POST /auth/register is the public signup endpoint. It creates a new user and a new tenant in a single atomic operation.

Request

POST /auth/register
Content-Type: application/json

{
  "firstName": "Alice",
  "lastName":  "Rossi",
  "teamName":  "Acme",
  "email":     "alice@acme.com",
  "password":  "correct-horse-battery"
}

Server-side steps

  1. Validate all required fields.

  2. Enforce password strength via zxcvbn (score ≥ minimumPasswordStrength, default 3).

  3. Check email uniqueness — 409 Conflict if already registered.

  4. Generate a cryptographically random verificationToken (256-bit) and verificationCreatedAt timestamp.

  5. Create the user document with roles: ["$unauthenticated"] and the verification token.

  6. Create a membership document linking the user to the tenant as owner.

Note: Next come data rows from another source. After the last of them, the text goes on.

lemma submatrix_col:
  assumes j: "j \<in> J" "j < dim_col A"
  defines "A' \<equiv> submatrix A {..<dim_row A} J" and "i \<equiv> card {a\<in>J. a < j}"
  shows "i < dim_col A'" and "col A' i = col A j"
proof -
  have "{a\<in>J. a < j} \<subset> {a. a < dim_col A \<and> a \<in> J}" using j by auto
  hence "card {a\<in>J. a < j} < card {a. a < dim_col A \<and> a \<in> J}"
    by (rule psubset_card_mono[rotated]) simp
  thus i: "i < dim_col A'" unfolding i_def A'_def by (simp add: dim_submatrix)
  show "col A' i = col A j"
  proof (rule eq_vecI)
    fix r assume "r < dim_vec (col A j)"
    hence r: "r < dim_row A" by simp
    have "{a\<in>{..<dim_row A}. a < r} = {..<r}" using r by auto
    hence "card {a\<in>{..<dim_row A}. a < r} = r" by simp
    hence "A' $$ (r, i) = A $$ (r, j)"
      using submatrix_index_card[of r A j "{..<dim_row A}" J] r j
      unfolding A'_def i_def by simp
    thus "col A' i $ r = col A j $ r" using r i j(2) unfolding A'_def by (simp add: dim_submatrix)
  qed (simp add: A'_def dim_submatrix)
qed

lemma col_rank_le_rows: "col_rank G S \<le> dim_row G"
proof -
  have "submatrix G {..<dim_row G} S \<in>
      carrier_mat (dim_row G) (dim_col (submatrix G {..<dim_row G} S))"
    by (auto simp: dim_submatrix)
  from vec_space.rank_le_rows[OF this] show ?thesis unfolding col_rank_def by simp
qed

text \<open>If the columns indexed by S have rank below k, some nonzero codeword vanishes on S: take
  u orthogonal to those columns; u G is nonzero because G itself has rank k.\<close>
lemma rank_deficient_columns_codeword:
  fixes G :: "bit mat"
  assumes G: "G \<in> carrier_mat k n" and gr: "gen_rank G = k" and Sn: "S \<subseteq> {..<n}"
    and deficient: "col_rank G S < k"
  obtains c where "c \<in> codewords G - {0\<^sub>v n}" "\<And>j. j \<in> S \<Longrightarrow> c $ j = 0"
proof -
  define A where "A = submatrix G {..<k} S"
  have "A \<in> carrier_mat k (dim_col A)"
    using G by (intro carrier_matI) (auto simp: A_def dim_submatrix)
  moreover have "vec_space.rank k A < k" using deficient G unfolding col_rank_def A_def by simp
  ultimately obtain u where u: "u \<in> carrier_vec k" "u \<noteq> 0\<^sub>v k"
      and orthA: "\<forall>j<dim_col A. u \<bullet> col A j = 0"
    using vec_space.low_rank_left_annihilator by blast
  define c where "c = transpose_mat G *\<^sub>v u"
  have "c \<in> codewords G" unfolding codewords_def c_def using u G by auto
  moreover have "c \<noteq> 0\<^sub>v n"
  proof
    assume "c = 0\<^sub>v n"
    hence "u \<bullet> col G j = 0" if "j < n" for j
      using codeword_index[OF G u(1) that] that unfolding c_def by simp
    moreover have "vec_space.rank k G = k" using gr G unfolding gen_rank_def by simp
    ultimately show False
      using vec_space.full_rank_left_annihilator[OF G _ u(1)] u(2) by blast
  qed
  moreover have "c $ j = 0" if j: "j \<in> S" for j
  proof -
    have jn: "j < dim_col G" using j Sn G by auto
    have "u \<bullet> col G j = 0"
      using submatrix_col[OF j jn] orthA G unfolding A_def by auto
    thus ?thesis using codeword_index[OF G u(1)] jn G unfolding c_def by simp
  qed
  ultimately show ?thesis using that[of c] by blast
qed

text \<open>The classical fact: any n - d + 1 columns of a generator matrix of a code with
  minimum distance d have full rank, since a rank deficiency would produce a nonzero
  codeword vanishing on those columns.\<close>
lemma col_rank_full:
  fixes G :: "bit mat"
  assumes G: "G \<in> carrier_mat k n" and gr: "gen_rank G = k" and Sn: "S \<subseteq> {..<n}"
    and big: "card S + dmin G > n"
  shows "col_rank G S = k"
proof (rule ccontr)
  assume "col_rank G S \<noteq> k"
  hence "col_rank G S < k" using col_rank_le_rows[of G S] G by simp
  then obtain c where c: "c \<in> codewords G - {0\<^sub>v n}" "\<And>j. j \<in> S \<Longrightarrow> c $ j = 0"
    using rank_deficient_columns_codeword[OF G gr Sn] by blast
  have "c \<in> carrier_vec n" using c(1) codeword_carrier G by fastforce
  hence "hweight c \<le> n - card S" using hweight_vanishing Sn c(2) by blast
  moreover have "dmin G \<le> hweight c" using dmin_le_hweight c(1) G by simp
  moreover have "card S \<le> n" using Sn by (metis card_lessThan card_mono finite_lessThan)
  ultimately show False using big by linarith
qed

lemma e_tilde_plus_deficiency:
  assumes G: "G \<in> carrier_mat k n"
  shows "e_tilde G g + (\<Sum>S\<in>{S. S \<subseteq> {..<n} \<and> card S = g}. k - col_rank G S)
         = (n choose g) * k"
proof -
  let ?F = "{S. S \<subseteq> {..<n} \<and> card S = g}"
  have "e_tilde G g + (\<Sum>S\<in>?F. k - col_rank G S) = (\<Sum>S\<in>?F. col_rank G S + (k - col_rank G S))"
    unfolding e_tilde_def using G by (simp add: sum.distrib)
  also have "\<dots> = (\<Sum>S\<in>?F. k)"
    using col_rank_le_rows[of G] G by (intro sum.cong) auto
  also have "\<dots> = (n choose g) * k" using n_subsets[of "{..<n}" g] by simp
  finally show ?thesis .
qed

  7. Send a verification email containing a one-time link:

    {baseAppUrl}/auth/verify?email=alice@acme.com&token=<verificationToken>
  8. Return 201 Created.

Response

{ "message": "Registration successful. Check your email to verify your address." }

Error responses

Status Reason

400

Missing or invalid fields; password too weak

409

Email already registered

Note

Consents management: POST /auth/register does not persist user consents (terms & conditions, privacy policy). If your application requires consent tracking — for example to comply with GDPR or Italian transparency requirements — use a response interceptor on your deployment layer that:

  1. Intercepts successful POST /auth/register responses (status 201).

  2. Reads the consents object from the request body.

  3. Persists it in the user document (e.g. as consents.terms and consents.privacy with version, timestamp, IP, and accepted flag).

The same interceptor pattern applies to PATCH /auth/activate for invited users. See the restheart-cloud deployment for a reference implementation (AccountsConsentsSaver).


Email verification

GET /auth/verify?email=…​&token=…​ is sent as a link in the registration email.

Server-side steps

  1. Extract email and token from the query string.

  2. Find the user by email.

  3. Compare token against verificationToken using constant-time comparison (timing-attack mitigation).

  4. Check that verificationCreatedAt is within the TTL (verificationTokenTtlDays, default 7 days).

  5. Assign the system ACL role from accountsConfig.default-role (default: user) — this replaces the $unauthenticated role assigned at registration. $unset verificationToken and verificationCreatedAt.

  6. Issue a JWT access token + refresh cookie.

  7. Redirect to {frontendAppUrl}.

Expired token

If the token has expired, the endpoint returns 400 with a message inviting the user to request a new verification email from the login page.

Note
Re-sending a verification email is triggered by POST /auth/resend-verify (not yet implemented in v1 — users can contact support or attempt login which will prompt re-verification).